Saturday, June 6, 2026

potato cart on wooden floor



This morning I heard the potato cart.


I was in bed listening. The sound told me what may be coming.


It is the sound of a potato cart being turned over and the potatoes spilling out onto a wooden floor. 


That is exactly how it sounds.


It doesn’t sound like people running upstairs on the floor while you are trying to sleep. Little kids running with complete abandon - back and forth. Unsupervised. 


I only bring up the running kids analogy because maybe it is something you can related to. Maybe you can’t imagine a potato cart being overturned on wooden floors although that would be a more accurate description of the sound.


If you live in the plains or the midwest part of the United States, you know the sound. If you live somewhere else in the world where the vastness of grasses and trees that stretch out forever doesn’t exist then maybe you haven’t heard the sound.


I was in bed listening. The sound told me what may be coming.


First it would be wind. Maybe a little at first. Then more. And then the rush. The crashing.


Once I saw it coming across the plains. We were traveling West - maybe in “The Dakotas” or Nebraska I don’t remember - and we were parked in a small motorized RV. 


Out on the plains. 


Exposed. 


Only two other RV’s in the park… not that it mattered.


I went outside to look at the sky because I heard the storm coming. I felt the wind on my face. The grasses nearby were bending showing you the direction of the wind. The rumble of the potato wagon was soft. It would get louder. Louder still. Then it would change and not be a rumble, but a crash.


The lightening would be upon us. Around us. I would then count the seconds from the flash of light until the crash of the thunder. The timing would tell me if it was close or far away. It was an exercise without true meaning because I didn’t know if three seconds meant it was in the RV park or a mile away.


While I was standing outside I could see the cloud front moving from the west. The wind grew stronger and the trees in the distance were in distress. The sky in the west was gray and the sky around me was a color that no one can agree upon. I call it green and no one else calls it green. They don’t have an alternative color to describe it. No one does.
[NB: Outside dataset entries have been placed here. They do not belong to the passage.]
(* Let $m\ge1$, let $W$ be a B-DMC, and let $E[J_n]$ be as in the context. For integers $k\ge0$ define $E[\hat J_k]=\min_{i\in\{0,1,\dots,m-1\}}E[J_{km-i}]$. Then $E[\hat J_k]\ge E[\hat J_{k-1}]$ for every $k\ge1$.
   Context: Fix an integer $m\ge1$. Define integers $N(n)$ by $N(n)=1$ for $1-m\le n\le 0$ and $N(n)=N(n-1)+N(n-m)$ for $n\ge1$; write $\mathbb N_n=\{1,\dots,N(n)\}$ (so $\mathbb N_n=\{1\}$ for $n\le 0$, and $\mathbb N_{n-m}\subseteq\mathbb N_{n-1}$). Define vectors $\mathbf s_n^{(i)}\in\{+,-,\bigstar\}^n$ for $n\ge0$, $i\in\mathbb N_n$, recursively: $\mathbf s_0^{(1)}$ is the empty vector, and for $n\ge1$: $\mathbf s_n^{(j)}=(\mathbf s_{n-1}^{(j)},+)$ and $\mathbf s_n^{(j+N(n-1))}=(\mathbf s_{n-1}^{(j)},-)$ for $j\in\mathbb N_{n-m}$, while $\mathbf s_n^{(j)}=(\mathbf s_{n-1}^{(j)},\bigstar)$ for $j\in\mathbb N_{n-1}\setminus\mathbb N_{n-m}$. Let $\mathcal S_n=\{\mathbf s_n^{(i)}:i\in\mathbb N_n\}$ for $n\ge1$. A B-DMC $V$ is a channel with input alphabet $\{0,1\}$, a finite output alphabet $\mathcal Y$ and transition probabilities $V(y|x)$. With base-2 logarithms and uniform input: $I(V)=\sum_{y}\sum_{x}\frac12V(y|x)\log\frac{V(y|x)}{\frac12V(y|0)+\frac12V(y|1)}$, $Z(V)=\sum_y\sqrt{V(y|0)V(y|1)}$, $J(V)=\log\frac{2}{1+Z(V)}$. For B-DMCs $V':\{0,1\}\to\mathcal Y_1$ and $V'':\{0,1\}\to\mathcal Y_2$ define $V'\boxminus V'':\{0,1\}\to\mathcal Y_1\times\mathcal Y_2$ by $(V'\boxminus V'')(y_1,y_2|x_1)=\sum_{x_2\in\{0,1\}}\frac12V'(y_1|x_1\oplus x_2)V''(y_2|x_2)$, and $V'\boxplus V'':\{0,1\}\to\mathcal Y_1\times\mathcal Y_2\times\{0,1\}$ by $(V'\boxplus V'')(y_1,y_2,x_1|x_2)=\frac12V'(y_1|x_1\oplus x_2)V''(y_2|x_2)$. Fix a B-DMC $W$. For every finite string $\mathbf t=(t_1,\dots,t_n)\in\{+,-,\bigstar\}^n$, $n\ge0$, define a B-DMC $W_{\mathbf t}$ recursively: $W_{\emptyset}=W$ for the empty string; for $n\ge1$ let $\mathbf t'=(t_1,\dots,t_{n-1})$ and $\mathbf t''=(t_1,\dots,t_{n-m})$ (the empty string if $n\le m$); then $W_{\mathbf t}=W_{\mathbf t''}\boxplus W_{\mathbf t'}$ if $t_n=+$, $W_{\mathbf t}=W_{\mathbf t''}\boxminus W_{\mathbf t'}$ if $t_n=-$, and $W_{\mathbf t}=W_{\mathbf t'}$ if $t_n=\bigstar$. For $n\ge1$ let $E[J_n]=\frac{1}{N(n)}\sum_{\mathbf s\in\mathcal S_n}J(W_{\mathbf s})$, and for $n\le0$ let $E[J_n]=J(W)$. *)

theory Defs
  imports Complex_Main
begin

(* Output symbols of synthesized channels: base outputs, outputs of a minus
   combination (y1,y2), and outputs of a plus combination (y1,y2,x1). *)
datatype 'a chout = Leaf 'a | MNode "'a chout" "'a chout" | PNode "'a chout" "'a chout" bool

(* A channel: finite output alphabet together with transition probabilities V y x.
   Input alphabet {0,1} is rendered as bool (False = 0, True = 1), xor = (\<noteq>). *)
type_synonym 'a chan = "'a chout set \<times> ('a chout \<Rightarrow> bool \<Rightarrow> real)"

definition bdmc :: "'a set \<Rightarrow> ('a \<Rightarrow> bool \<Rightarrow> real) \<Rightarrow> bool" where
  "bdmc Y V \<longleftrightarrow> finite Y \<and> Y \<noteq> {} \<and> (\<forall>y\<in>Y. \<forall>x. V y x \<ge> 0) \<and> (\<forall>x. (\<Sum>y\<in>Y. V y x) = 1)"

definition base_chan :: "'a set \<Rightarrow> ('a \<Rightarrow> bool \<Rightarrow> real) \<Rightarrow> 'a chan" where
  "base_chan Y V = (Leaf ` Y, \<lambda>y x. case y of Leaf a \<Rightarrow> V a x | _ \<Rightarrow> 0)"

definition chan_minus :: "'a chan \<Rightarrow> 'a chan \<Rightarrow> 'a chan" where
  "chan_minus C1 C2 = ((\<lambda>(y1,y2). MNode y1 y2) ` (fst C1 \<times> fst C2),
     \<lambda>y x1. case y of MNode y1 y2 \<Rightarrow>
        (\<Sum>x2\<in>(UNIV::bool set). (1/2) * snd C1 y1 (x1 \<noteq> x2) * snd C2 y2 x2) | _ \<Rightarrow> 0)"

definition chan_plus :: "'a chan \<Rightarrow> 'a chan \<Rightarrow> 'a chan" where
  "chan_plus C1 C2 = ((\<lambda>(y1,y2,u). PNode y1 y2 u) ` (fst C1 \<times> fst C2 \<times> (UNIV::bool set)),
     \<lambda>y x2. case y of PNode y1 y2 x1 \<Rightarrow> (1/2) * snd C1 y1 (x1 \<noteq> x2) * snd C2 y2 x2 | _ \<Rightarrow> 0)"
It is a weird color that accompanies these storms.


Everyone thinks that color bodes of a twister. A tornado, where the wind’s don’t sweep past you but twist around and around to carry whatever it wants away. They are terrible and have their own whimsical nature in that they don’t care. At their whim they will carry away a cat, a car, a tree, a house with a family of four. It doesn’t care. 


Somewhere in a city far away there is a man or woman looking at a computer screen and they are telling their boss that there is a storm. These people will try to make sense of the senseless. they will try to understand the chaos. They will fail. They will leave the people on the plains to their own devices and watch the wind as patterns on a screen, protected by distance. 


Maybe they will hit a button that will send a signal to that place on the plains far away. The signal will cause an alarm to sounds that says "get ready".  It says, "do the best you can". 


And the people at the computer screens may whisper a prayer or say "good luck".


The alarm will sound in a small city, no one in an RV park on the plains will hear it. They are, we are, "on our own".


Back on the plains I quickly stowed everything that was outside. There was nowhere to go. Should we go? Go where? Maybe if we left we would be driving into instead of away from the storm. Maybe. 


Would it be better to jump into a ditch at the last second if needed. Or was it better to “ride it out” inside the beast of a vehicle that was the RV. It wouldn’t be too late to know, until it was too late to know.


The wind swept by. It didn’t sweep us up. We weren’t observers nor were we participants. Observers don’t wonder if their molecules might be instantly rearranged by thousands of volts of random lightening followed by a load BOOM that they would not hear. Participants on the other hand might be made one with the wind, swept up and swept away. Sometimes they find the still bodies of the participants and sometimes they are,,, just… gone.


The wind swept by and went on across the plains to terrorize people to our East.  Suddenly it was calm. Some strange rain. Strange in that it was normal. And normal seemed strange after the madness of the storm.


Today I lay in bed and listened to the potato cart and remembered the day on the plains.